Written in between the lines of the EU heads of mission report on Israeli settlements is a sense of frustration with the EU’s inaction against Israel. The EU makes regular statements against Israel’s illegal settlement enterprise, but takes no action despite the existing tools it has at its disposal.
At face value, the European Union heads of mission report on the Israeli settlement enterprise is a scathing indictment and call to action against Israel’s illegal settlement activities. In between the lines, however, the report reflects a frustration by European diplomats and bureaucrats at their own governments’ inaction. They are not implementing the existing legislation, decisions and declarations they themselves regularly make against Israel and its settlements.
The EU’s rhetoric against Israel’s settlement policies has always been damning, but its actions have never lived up to its words.
Read the full report here
“The EU and its member states now face the urgent challenge of translating the observations and recommendations of their own senior diplomats into concrete and effective policies that indeed maintain the possibility of the two-state solution,” a document obtained by +972 stated.
Reflecting the (perhaps naïvely optimistic) sense of a closing window for resolving the Israeli-Palestinian conflict and a frustration with EU inaction despite its rhetoric, the document continues: “If the EU and its member states won’t accelerate the operationalization and implementation of their declared positions in 2013, the two-state solution will fail.”
This is a clear call to action – a frustrated plea by the EU’s professional ranks to their elected bosses to put their money where their mouth is.

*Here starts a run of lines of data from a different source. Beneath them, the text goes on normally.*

lemma mat_norm_ge_entry:
  fixes blk rw cl :: "'k::finite \<Rightarrow> nat"
  assumes layout: "block_layout b m n blk rw cl" and "i < b" and norm: "is_mat_norm (m i) (n i) N"
  obtains c where "c > 0" "\<And>A r s. A \<in> Mat (m i) (n i) \<Longrightarrow> c * \<bar>A r s\<bar> \<le> N A"
proof -
  let ?p = "\<lambda>v :: real ^ 'k. N (block blk rw cl v i)"
  define V :: "(real ^ 'k) set" where "V = {v. \<forall>k. blk k \<noteq> i \<longrightarrow> v $ k = 0}"
  note block_Mat = block_in_Mat[OF layout \<open>i < b\<close>]
  have add: "?p (u + v) \<le> ?p u + ?p v" for u v
    unfolding block_add by (rule mat_norm_triangle[OF norm block_Mat block_Mat])
  have "closed V"
    unfolding V_def by (rule closed_substandard_cart)
  moreover have "cone V"
    by (simp add: V_def cone_def)
  ultimately obtain c where "c > 0" and c: "\<And>v. v \<in> V \<Longrightarrow> c * norm v \<le> ?p v"
    using seminorm_ge_norm_on_cone[of ?p V] add mat_norm_block_scaleR[OF layout \<open>i < b\<close> norm]
      mat_norm_block_pos[OF layout \<open>i < b\<close> norm]
    unfolding V_def by blast
  have "c * \<bar>A r s\<bar> \<le> N A" if A: "A \<in> Mat (m i) (n i)" for A r s
  proof (cases "r < m i \<and> s < n i")
    case True
    obtain v where v: "block blk rw cl v i = A" "v \<in> V"
      using exists_block_eq[OF layout \<open>i < b\<close> A] unfolding V_def by blast
    obtain k where "blk k = i" "rw k = r" "cl k = s"
      using True block_layout_surj[OF layout \<open>i < b\<close>] by blast
    then have "\<bar>A r s\<bar> \<le> norm v"
      using block_nth[OF layout, of v k] v(1) component_le_norm_cart[of v k] by simp
    then have "c * \<bar>A r s\<bar> \<le> c * norm v"
      using \<open>c > 0\<close> by simp
    also have "\<dots> \<le> N A"
      using c[OF v(2)] v(1) by simp
    finally show ?thesis .
  next
    case False
    then show ?thesis
      using A mat_norm_nonneg[OF norm A] by (auto simp: Mat_def not_less)
  qed
  then show thesis
    using that \<open>c > 0\<close> by blast
qed

lemma dual_norm_bdd_above:
  fixes blk rw cl :: "'k::finite \<Rightarrow> nat"
  assumes layout: "block_layout b m n blk rw cl" and "i < b" and norm: "is_mat_norm (m i) (n i) N"
  shows "bdd_above {trace_inner (m i) (n i) G Y | Y. Y \<in> Mat (m i) (n i) \<and> N Y \<le> 1}"
proof -
  obtain c where "c > 0" and c: "\<And>A r s. A \<in> Mat (m i) (n i) \<Longrightarrow> c * \<bar>A r s\<bar> \<le> N A"
    using mat_norm_ge_entry[OF layout \<open>i < b\<close> norm] by blast
  have "trace_inner (m i) (n i) G Y \<le> (\<Sum>r<m i. \<Sum>s<n i. \<bar>G r s\<bar> / c)"
    if "Y \<in> Mat (m i) (n i)" "N Y \<le> 1" for Y
    unfolding trace_inner_def
  proof (intro sum_mono)
    fix r s
    have "\<bar>Y r s\<bar> \<le> 1 / c"
      using c[OF \<open>Y \<in> Mat (m i) (n i)\<close>, of r s] \<open>N Y \<le> 1\<close> \<open>c > 0\<close> by (simp add: field_simps)
    then have "G r s * Y r s \<le> \<bar>G r s\<bar> * (1 / c)"
      by (metis abs_ge_self abs_mult abs_ge_zero mult_left_mono order_trans)
    then show "G r s * Y r s \<le> \<bar>G r s\<bar> / c"
      by simp
  qed
  then show ?thesis
    by (intro bdd_aboveI) blast
qed

lemma trace_inner_le_dual_norm:
  fixes blk rw cl :: "'k::finite \<Rightarrow> nat"
  assumes layout: "block_layout b m n blk rw cl" and "i < b" and norm: "is_mat_norm (m i) (n i) N"
    and Z: "Z \<in> Mat (m i) (n i)"
  shows "trace_inner (m i) (n i) G Z \<le> dual_norm (m i) (n i) N G * N Z"
proof (cases "N Z = 0")
  case True
  then show ?thesis
    using mat_norm_eq_0_iff[OF norm Z] by (simp add: trace_inner_def)
next
  case False
  then have "N Z > 0"
    using mat_norm_nonneg[OF norm Z] by simp
  define Y where "Y = (\<lambda>r c. (1 / N Z) * Z r c)"
  have "Y \<in> Mat (m i) (n i)"
    using Z by (simp add: Mat_def Y_def)
  moreover have "N Y \<le> 1"
    using mat_norm_scale[OF norm Z, of "1 / N Z"] \<open>N Z > 0\<close> by (simp add: Y_def)
  ultimately have "trace_inner (m i) (n i) G Y \<le> dual_norm (m i) (n i) N G"
    unfolding dual_norm_def using dual_norm_bdd_above[OF layout \<open>i < b\<close> norm]
    by (intro cSup_upper) auto
  moreover have "trace_inner (m i) (n i) G Y = trace_inner (m i) (n i) G Z / N Z"
    by (simp add: trace_inner_def Y_def sum_divide_distrib)
  ultimately show ?thesis
    using \<open>N Z > 0\<close> by (simp add: field_simps)
qed

lemma abs_trace_inner_le_dual_norm:
  fixes blk rw cl :: "'k::finite \<Rightarrow> nat"
  assumes layout: "block_layout b m n blk rw cl" and "i < b" and norm: "is_mat_norm (m i) (n i) N"
    and Z: "Z \<in> Mat (m i) (n i)"
  shows "\<bar>trace_inner (m i) (n i) G Z\<bar> \<le> dual_norm (m i) (n i) N G * N Z"
proof -
  let ?negZ = "\<lambda>r c. (-1) * Z r c"
  have "?negZ \<in> Mat (m i) (n i)"
    using Z by (simp add: Mat_def)
  then have "- trace_inner (m i) (n i) G Z \<le> dual_norm (m i) (n i) N G * N Z"
    using trace_inner_le_dual_norm[OF layout \<open>i < b\<close> norm, of ?negZ G]
      mat_norm_scale[OF norm Z, of "-1"]
    by (simp add: trace_inner_def sum_negf)
  then show ?thesis
    using trace_inner_le_dual_norm[OF layout \<open>i < b\<close> norm Z, of G] by linarith
qed

lemma inner_eq_sum_trace_inner_blocks:
  fixes u \<Gamma> :: "real ^ 'k::finite"
  assumes layout: "block_layout b m n blk rw cl" and S: "S \<subseteq> {..<b}"
    and \<Gamma>: "\<forall>k. blk k \<notin> S \<longrightarrow> \<Gamma> $ k = 0"
  shows "u \<bullet> \<Gamma> = (\<Sum>i\<in>S. trace_inner (m i) (n i) (block blk rw cl u i) (block blk rw cl \<Gamma> i))"
proof -
  have "finite S"
    using S finite_subset by blast
  have "u \<bullet> \<Gamma> = (\<Sum>k | blk k \<in> S. u $ k * \<Gamma> $ k)"
    unfolding inner_vec_def inner_real_def using \<Gamma> by (intro sum.mono_neutral_right) auto
  also have "\<dots> = (\<Sum>i\<in>S. \<Sum>k \<in> {k \<in> {k. blk k \<in> S}. blk k = i}. u $ k * \<Gamma> $ k)"
    by (rule sum.group[symmetric]) (use \<open>finite S\<close> in auto)
  also have "\<dots> = (\<Sum>i\<in>S. \<Sum>k | blk k = i. u $ k * \<Gamma> $ k)"
    by (intro sum.cong) auto
  also have "\<dots> = (\<Sum>i\<in>S. trace_inner (m i) (n i) (block blk rw cl u i) (block blk rw cl \<Gamma> i))"
    using sum_block_eq_trace_inner[OF layout] S by (intro sum.cong) auto
  finally show ?thesis .
qed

Without action, the almost predictably regular condemnations of Israeli settlements by EU foreign policy chief Catherine Ashton, unequivocally declaring them illegal under international law are just that: empty statements and declarations.
The power of such a wide union of developed and influential countries such as the EU is meaningless if it limits itself to declarations and condemnations instead of exercising the power it is sitting on.
The message these diplomats are sending is that principled and legal stands against illegal settlements – and in favor of a two-state solution – are in vain if it takes no action.
But the report’s recommendations are not groundbreaking. They are based on existing resolutions, legislation, trade agreements and declarations by the European Union, its legislative and diplomatic bodies and its individual member states.
The EU-Israel Association Agreement, which established the free trade agreement and close diplomatic cooperation between the two is explicitly clear about the conditions necessary for its continued existence.
Article 2 of the agreement states:
Relations between the Parties, as well as all the provisions of the Agreement itself, shall be based on respect for human rights and democratic principles, which guides their internal and international policy and constitutes an essential element of this Agreement.
As far as the EU is concerned, a two-state solution is the only way to ensure that human rights and democratic principles are respected for both Israelis and Palestinians. It is also clear that the EU believes settlement activity is the primary obstacle to achieving a two-state solution.
After explaining how settlements are the biggest obstacle to piece, the report is particularly bold in declaring that Israel’s settlement activity “is systematic, deliberate and provocative.”
Discussing how Jerusalem must be the capital of both Israel and Palestine if there is to be a two-state solution, the diplomats write: “Israel is actively perpetuating its illegal annexation of East Jerusalem.”
In other words, they are saying that Israel is actively working against a two-state solution, and therefore against the foreign policy interests of the EU.
The European Union is Israel’s largest trade partner and holds tremendous influence due to the free trade agreement that benefits Israel far more than it does the EU or any of its individual member states.
The EU long ago gave itself the tools to put pressure on Israel to correct its ways. These diplomats are begging their governments to use them.
“Do something!”, they’re screaming.
However, foreign consulates in Jerusalem and Ramallah are known to be much more blunt in their criticism of Israeli policy than their sister-embassies in Tel Aviv. So just as it is not surprising that such a frustrated and damning document came out of the consulates, we can expect that it will be ignored like all those that preceded it.